* **Exercise brief**
Reproduce, exactly and in full, only the lines below from the one containing "and n :: nat" through the one containing "using assms(2) unfolding".
### Available data ###
(* Let $\mathbb{L}/\mathbb{K}$ be a finite Galois extension of degree $N$ whose Galois group $G$ is abelian, let $\mathcal{C}\subseteq\mathbb{L}[G]$ be an $\mathbb{L}$-linear subspace, and let $\mathcal{B}$ be an ordered $\mathbb{K}$-basis of $\mathbb{L}$ with trace-dual basis $\mathcal{B}^*$. Then $\mathcal{C}^\perp(\mathcal{B})=\big(\mathcal{C}(\mathcal{B}^* )\big)^\perp$, where on the left $\perp$ is taken in $\mathbb{L}[G]$ with respect to $\langle\cdot,\cdot\rangle_{\mathbb{L}[G]}$ and on the right in $\mathbb{L}^N$ with respect to the standard inner product $\mathbf{u}\cdot\mathbf{v}^\top$.
   Context: Elements $a=\sum_g a_g g\in\mathbb{L}[G]$ act on $\mathbb{L}$ by $x\mapsto\sum_g a_gg(x)$. For $\mathbf{b}=(b_1,\dots,b_N)\in\mathbb{L}^N$, $\mathrm{ev}_\mathbf{b}(a)=(a(b_1),\dots,a(b_N))$, and for $\mathcal{C}\subseteq\mathbb{L}[G]$, $\mathcal{C}(\mathbf{b})=\{\mathrm{ev}_\mathbf{b}(c):c\in\mathcal{C}\}$. The bilinear form on $\mathbb{L}[G]$ is $\langle\sum_ga_gg,\sum_gb_gg\rangle_{\mathbb{L}[G]}=\sum_g a_gb_g$, and $\mathcal{C}^\perp=\{a\in\mathbb{L}[G]:\langle a,b\rangle_{\mathbb{L}[G]}=0\ \forall b\in\mathcal{C}\}$. The trace-dual basis $\mathcal{B}^*=(b_1^*,\dots,b_N^* )$ satisfies $\mathrm{Tr}_{\mathbb{L}/\mathbb{K}}(b_ib_j^* )=\delta_{i,j}$ with $\mathrm{Tr}_{\mathbb{L}/\mathbb{K}}(x)=\sum_{g\in G}g(x)$. *)

theory Defs
  imports Main
begin

(* K is a subfield of the field 'a (playing the role of L) *)
definition is_subfield :: "'a::field set \<Rightarrow> bool" where
  "is_subfield K \<longleftrightarrow> 0 \<in> K \<and> 1 \<in> K \<and>
     (\<forall>x\<in>K. \<forall>y\<in>K. x + y \<in> K \<and> x * y \<in> K) \<and>
     (\<forall>x\<in>K. - x \<in> K \<and> inverse x \<in> K)"

definition field_aut :: "('a::field \<Rightarrow> 'a) \<Rightarrow> bool" where
  "field_aut \<sigma> \<longleftrightarrow> bij \<sigma> \<and> \<sigma> 1 = 1 \<and>
     (\<forall>x y. \<sigma> (x + y) = \<sigma> x + \<sigma> y \<and> \<sigma> (x * y) = \<sigma> x * \<sigma> y)"
theorem theoremB:
  fixes f :: "'a::metric_space \<Rightarrow> 'a" and n :: nat
  assumes "compact (UNIV :: 'a set)"
    and "homeomorphism UNIV UNIV f g"
    and "n \<ge> 1"
    and "pos_n_expansive f n"
    and "transitive f"
    and "shadowing f"
  shows "finite (UNIV :: 'a set)"
proof -
  have "bij f" "continuous_on UNIV f"
    using assms(2) unfolding homeomorphism_def by (auto intro!: o_bij[of g f])
  obtain c where "c > 0" and finite_stable: "\<And>x. finite (stable_set f c x)"
    using assms(4) unfolding pos_n_expansive_def by blast
  obtain p N where "N > 0" "(f ^^ N) p = p"
    using exists_periodic_point[OF \<open>c > 0\<close> finite_stable assms(5,6)] .
  then have "range (\<lambda>m. (f ^^ m) p) = UNIV"
    using periodic_orbit_eq_UNIV[OF \<open>bij f\<close> \<open>continuous_on UNIV f\<close> \<open>c > 0\<close>
        finite_stable assms(5,6)] by blast
  then show ?thesis
    using finite_range_funpow_if_periodic[OF \<open>(f ^^ N) p = p\<close> \<open>N > 0\<close>] by simp
qed

end
text \<open>Minus the inverse Cartan matrix of \<open>E8\<close>; it is integral because \<open>E8\<close> is unimodular.\<close>

definition gram_E8_inverse :: "nat \<Rightarrow> nat \<Rightarrow> int" where
  "gram_E8_inverse i j = - [[4, 7, 10, 8, 6, 4, 2, 5], [7, 14, 20, 16, 12, 8, 4, 10],
     [10, 20, 30, 24, 18, 12, 6, 15], [8, 16, 24, 20, 15, 10, 5, 12], [6, 12, 18, 15, 12, 8, 4, 9],
     [4, 8, 12, 10, 8, 6, 3, 6], [2, 4, 6, 5, 4, 3, 2, 3], [5, 10, 15, 12, 9, 6, 3, 8]] ! i ! j"

lemma gram_E8_inverse_correct:
  "list_all (\<lambda>i. list_all (\<lambda>k. (\<Sum>j<8. gram_E8 i j * gram_E8_inverse j k) = (if i = k then 1 else 0))
     [0..<8]) [0..<8]"
  by code_simp

lemma gram_E8_2_inverse:
  "i < 8 \<Longrightarrow> k < 8 \<Longrightarrow> (\<Sum>j<8. gram_E8_2 i j * gram_E8_inverse j k) = (if i = k then 2 else 0)"
  using gram_E8_inverse_correct
  by (simp add: list_all_iff gram_E8_2_def sum_distrib_left[symmetric] mult.assoc)

text \<open>Coordinates with respect to the simple roots \<open>0, \<dots>, 7\<close> of the Dynkin diagram \<open>E8_edge\<close>.\<close>

definition E8_positive_roots :: "int list list" where
  "E8_positive_roots = [
     [1,0,0,0,0,0,0,0], [0,1,0,0,0,0,0,0], [1,1,0,0,0,0,0,0], [0,0,1,0,0,0,0,0], [0,1,1,0,0,0,0,0], [1,1,1,0,0,0,0,0],
     [0,0,0,1,0,0,0,0], [0,0,1,1,0,0,0,0], [0,1,1,1,0,0,0,0], [1,1,1,1,0,0,0,0], [0,0,0,0,1,0,0,0], [1,2,3,2,1,0,0,2],
     [0,0,0,1,1,0,0,0], [0,0,1,1,1,0,0,0], [0,1,1,1,1,0,0,0], [1,1,1,1,1,0,0,0], [0,0,0,0,0,1,0,0], [1,2,3,2,2,1,0,2],
     [1,2,4,3,2,1,0,2], [2,3,4,3,2,1,0,2], [1,3,4,3,2,1,0,2], [1,2,3,3,2,1,0,2], [0,0,0,0,1,1,0,0], [1,2,3,2,1,1,0,2],
     [0,0,0,1,1,1,0,0], [0,0,1,1,1,1,0,0], [0,1,1,1,1,1,0,0], [1,1,1,1,1,1,0,0], [0,0,0,0,0,0,1,0], [1,2,3,2,2,2,1,2],
     [1,2,4,3,2,2,1,2], [2,3,4,3,2,2,1,2], [1,3,4,3,2,2,1,2], [1,2,3,3,2,2,1,2], [1,2,4,4,3,2,1,2], [2,3,4,4,3,2,1,2],
     [1,3,4,4,3,2,1,2], [2,4,5,4,3,2,1,2], [2,3,5,4,3,2,1,2], [1,3,5,4,3,2,1,2], [1,2,4,3,3,2,1,2], [2,3,4,3,3,2,1,2],
     [1,3,4,3,3,2,1,2], [1,2,3,3,3,2,1,2], [0,0,0,0,0,1,1,0], [1,2,3,2,2,1,1,2], [1,2,4,3,2,1,1,2], [2,3,4,3,2,1,1,2],
     [1,3,4,3,2,1,1,2], [1,2,3,3,2,1,1,2], [0,0,0,0,1,1,1,0], [1,2,3,2,1,1,1,2], [0,0,0,1,1,1,1,0], [0,0,1,1,1,1,1,0],
     [0,1,1,1,1,1,1,0], [1,1,1,1,1,1,1,0], [0,0,0,0,0,0,0,1], [0,0,1,0,0,0,0,1], [0,1,1,0,0,0,0,1], [1,1,1,0,0,0,0,1],
     [1,2,2,1,0,0,0,1], [0,1,2,1,0,0,0,1], [1,1,2,1,0,0,0,1], [0,0,1,1,0,0,0,1], [0,1,1,1,0,0,0,1], [1,1,1,1,0,0,0,1],
     [1,2,2,2,1,0,0,1], [0,1,2,2,1,0,0,1], [1,1,2,2,1,0,0,1], [1,2,3,2,1,0,0,1], [1,2,2,1,1,0,0,1], [0,1,2,1,1,0,0,1],
     [1,1,2,1,1,0,0,1], [0,0,1,1,1,0,0,1], [0,1,1,1,1,0,0,1], [1,1,1,1,1,0,0,1], [1,2,2,2,2,1,0,1], [0,1,2,2,2,1,0,1],
     [1,1,2,2,2,1,0,1], [1,2,3,2,2,1,0,1], [2,4,6,5,4,3,2,3], [1,2,3,3,2,1,0,1], [1,2,2,2,1,1,0,1], [0,1,2,2,1,1,0,1],
     [1,1,2,2,1,1,0,1], [1,2,3,2,1,1,0,1], [1,2,2,1,1,1,0,1], [0,1,2,1,1,1,0,1], [1,1,2,1,1,1,0,1], [0,0,1,1,1,1,0,1],
     [0,1,1,1,1,1,0,1], [1,1,1,1,1,1,0,1], [1,2,2,2,2,2,1,1], [0,1,2,2,2,2,1,1], [1,1,2,2,2,2,1,1], [1,2,3,2,2,2,1,1],
     [2,4,6,5,4,2,1,3], [1,2,3,3,2,2,1,1], [2,4,6,4,3,2,1,3], [2,4,5,4,3,2,1,3], [2,3,5,4,3,2,1,3], [1,3,5,4,3,2,1,3],
     [2,4,6,5,3,2,1,3], [1,2,3,3,3,2,1,1], [1,2,2,2,2,1,1,1], [0,1,2,2,2,1,1,1], [1,1,2,2,2,1,1,1], [1,2,3,2,2,1,1,1],
     [2,4,6,5,4,3,1,3], [1,2,3,3,2,1,1,1], [1,2,2,2,1,1,1,1], [0,1,2,2,1,1,1,1], [1,1,2,2,1,1,1,1], [1,2,3,2,1,1,1,1],
     [1,2,2,1,1,1,1,1], [0,1,2,1,1,1,1,1], [1,1,2,1,1,1,1,1], [0,0,1,1,1,1,1,1], [0,1,1,1,1,1,1,1], [1,1,1,1,1,1,1,1]]"

lemma E8_positive_roots_norm: "list_all (\<lambda>r. qform gram_E8 8 (nth r) = -2) E8_positive_roots"
  by code_simp

lemma E8_odd_classes:
  "filter (\<lambda>p. qform gram_E8 8 (nth p) mod 4 = 2) (List.n_lists 8 [0, 1])
    = map (map (\<lambda>x. x mod 2)) E8_positive_roots"
  by code_simp

lemma E8_odd_class_contains_root:
  assumes "qform gram_E8 8 a mod 4 = 2"
  shows "\<exists>r. (\<forall>i<8. even (r i - a i)) \<and> qform gram_E8 8 r = -2"
proof -
  let ?p = "map (\<lambda>i. a i mod 2) [0..<8]"
  have "qform gram_E8 8 (nth ?p) mod 4 = qform gram_E8 8 a mod 4"
    by (rule qform_cong_mod4) (simp_all add: gram_E8_sym)
  moreover have "?p \<in> set (List.n_lists 8 [0, 1])"
    by (auto simp: set_n_lists)
  ultimately have "?p \<in> set (map (map (\<lambda>x. x mod 2)) E8_positive_roots)"
    using assms unfolding E8_odd_classes[symmetric] by simp
  then obtain r where r: "r \<in> set E8_positive_roots" "map (\<lambda>x. x mod 2) r = ?p"
    by auto
  have "length r = 8"
    using arg_cong[OF r(2), of length] by simp
  have "r ! i mod 2 = a i mod 2" if "i < 8" for i
    using arg_cong[OF r(2), of "\<lambda>xs. xs ! i"] that \<open>length r = 8\<close> by simp
  then have "\<forall>i<8. even (r ! i - a i)"
    by (simp add: mod_eq_dvd_iff)
  moreover have "qform gram_E8 8 (nth r) = -2"
    using E8_positive_roots_norm r(1) by (simp add: list_all_iff)
  ultimately show ?thesis
    by blast
qed

lemma E8_2_dual_coset_norm_minus_one:
  assumes E: "basis_with_gram E v 8 gram_E8_2"
    and d: "d \<in> dual_lat v 8" and odd_norm: "bil d d = of_int m" "odd m"
  shows "\<exists>x \<in> dual_lat v 8. \<exists>e \<in> E. x = (\<lambda>t. d t + e t) \<and> bil x x = -1"
proof (rule dual_coset_norm_minus_one[OF E _ gram_E8_2_inverse d])
  show "even (gram_E8_2 i j)" for i j
    by (simp add: gram_E8_2_def)
  fix A
  assume "bil d d = of_int (qform gram_E8_2 8 A) / 4"
  then have "(of_int (2 * m) :: real) = of_int (qform gram_E8 8 A)"
    using odd_norm(1) by (simp add: qform_gram_E8_2)
  then have "qform gram_E8 8 A = 2 * m"
    by (simp only: of_int_eq_iff)
  then have "qform gram_E8 8 A mod 4 = 2"
    using odd_norm(2) by (auto elim: oddE)
  then obtain B where "\<forall>i<8. even (B i - A i)" "qform gram_E8 8 B = -2"
    using E8_odd_class_contains_root by blast
  then show "\<exists>B. (\<forall>i<8. even (B i - A i)) \<and> qform gram_E8_2 8 B = -4"
    by (auto simp: qform_gram_E8_2)
qed

theorem lemma3p12:
  fixes KK EE :: "(nat \<Rightarrow> real) set"
    and kb eb :: "nat \<Rightarrow> nat \<Rightarrow> real"
    and d1 d2 :: "nat \<Rightarrow> real"
  assumes K_basis: "basis_with_gram KK kb 4 gram_U2U2"
    and E_def: "EE = orth_compl KK"
    and E_basis: "basis_with_gram EE eb 8 gram_E8_2"
    and d1: "d1 \<in> dual_lat kb 4 - KK"
    and d2: "d2 \<in> dual_lat eb 8 - EE"
    and glue: "Lam = {(\<lambda>t. of_int m * (d1 t + d2 t) + k t + e t) | m k e.
                        (m :: int) \<in> UNIV \<and> k \<in> KK \<and> e \<in> EE}"
    and odd_type: "\<exists>n :: int. bil d1 d1 = of_int n \<and> odd n"
  shows "\<exists>\<delta> \<in> Lam. bil \<delta> \<delta> = -2 \<and>
           (\<exists>x \<in> dual_lat kb 4. \<exists>y \<in> dual_lat eb 8.
              \<delta> = (\<lambda>t. x t + y t) \<and> bil x x = -1 \<and> bil y y = -1)"
proof -
  have orth: "bil x y = 0" if "x \<in> dual_lat kb 4" "y \<in> dual_lat eb 8" for x y
    using orth_compl_rspan_orthogonal[OF K_basis E_basis[unfolded E_def]] that
    unfolding dual_lat_def by blast
  have d1_dual: "d1 \<in> dual_lat kb 4" and d2_dual: "d2 \<in> dual_lat eb 8"
    using d1 d2 by auto
  obtain n where n: "bil d1 d1 = of_int n" "odd n"
    using odd_type by blast
  have in_Lam: "(\<lambda>t. d1 t + d2 t + k t + e t) \<in> Lam" if "k \<in> KK" "e \<in> EE" for k e
    unfolding glue using that by (intro CollectI exI[of _ "1::int"] exI[of _ k] exI[of _ e]) simp
  have "(\<lambda>t. d1 t + d2 t) \<in> Lam"
    using in_Lam zero_in_zspan basis_with_gram_zspan[OF K_basis] basis_with_gram_zspan[OF E_basis]
    by fastforce
  then obtain w where "bil (\<lambda>t. d1 t + d2 t) (\<lambda>t. d1 t + d2 t) = of_int (2 * w)"
    using Lam_bil_even by blast
  then have "bil d2 d2 = of_int (2 * w - n)"
    using bil_add_self_orthogonal[OF orth[OF d1_dual d2_dual]] n(1) by simp
  then obtain y e where y: "y \<in> dual_lat eb 8" "e \<in> EE" "y = (\<lambda>t. d2 t + e t)" "bil y y = -1"
    using E8_2_dual_coset_norm_minus_one[OF E_basis d2_dual] n(2) by fastforce
  obtain x k where x: "x \<in> dual_lat kb 4" "k \<in> KK" "x = (\<lambda>t. d1 t + k t)" "bil x x = -1"
    using U2U2_dual_coset_norm_minus_one[OF K_basis d1_dual n] by blast
  have "(\<lambda>t. x t + y t) \<in> Lam"
    using in_Lam[OF x(2) y(2)] unfolding x(3) y(3) by (simp add: algebra_simps)
  moreover have "bil (\<lambda>t. x t + y t) (\<lambda>t. x t + y t) = -2"
    using bil_add_self_orthogonal[OF orth[OF x(1) y(1)]] x(4) y(4) by simp
  ultimately show ?thesis
    using x(1,4) y(1,4) by blast
qed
###
* **Answer space**
  fixes f :: "'a::metric_space \<Rightarrow> 'a" and n :: nat
  assumes "compact (UNIV :: 'a set)"
    and "homeomorphism UNIV UNIV f g"
    and "n \<ge> 1"
    and "pos_n_expansive f n"
    and "transitive f"
    and "shadowing f"
  shows "finite (UNIV :: 'a set)"
proof -
  have "bij f" "continuous_on UNIV f"
    using assms(2) unfolding homeomorphism_def by (auto intro!: o_bij[of g f])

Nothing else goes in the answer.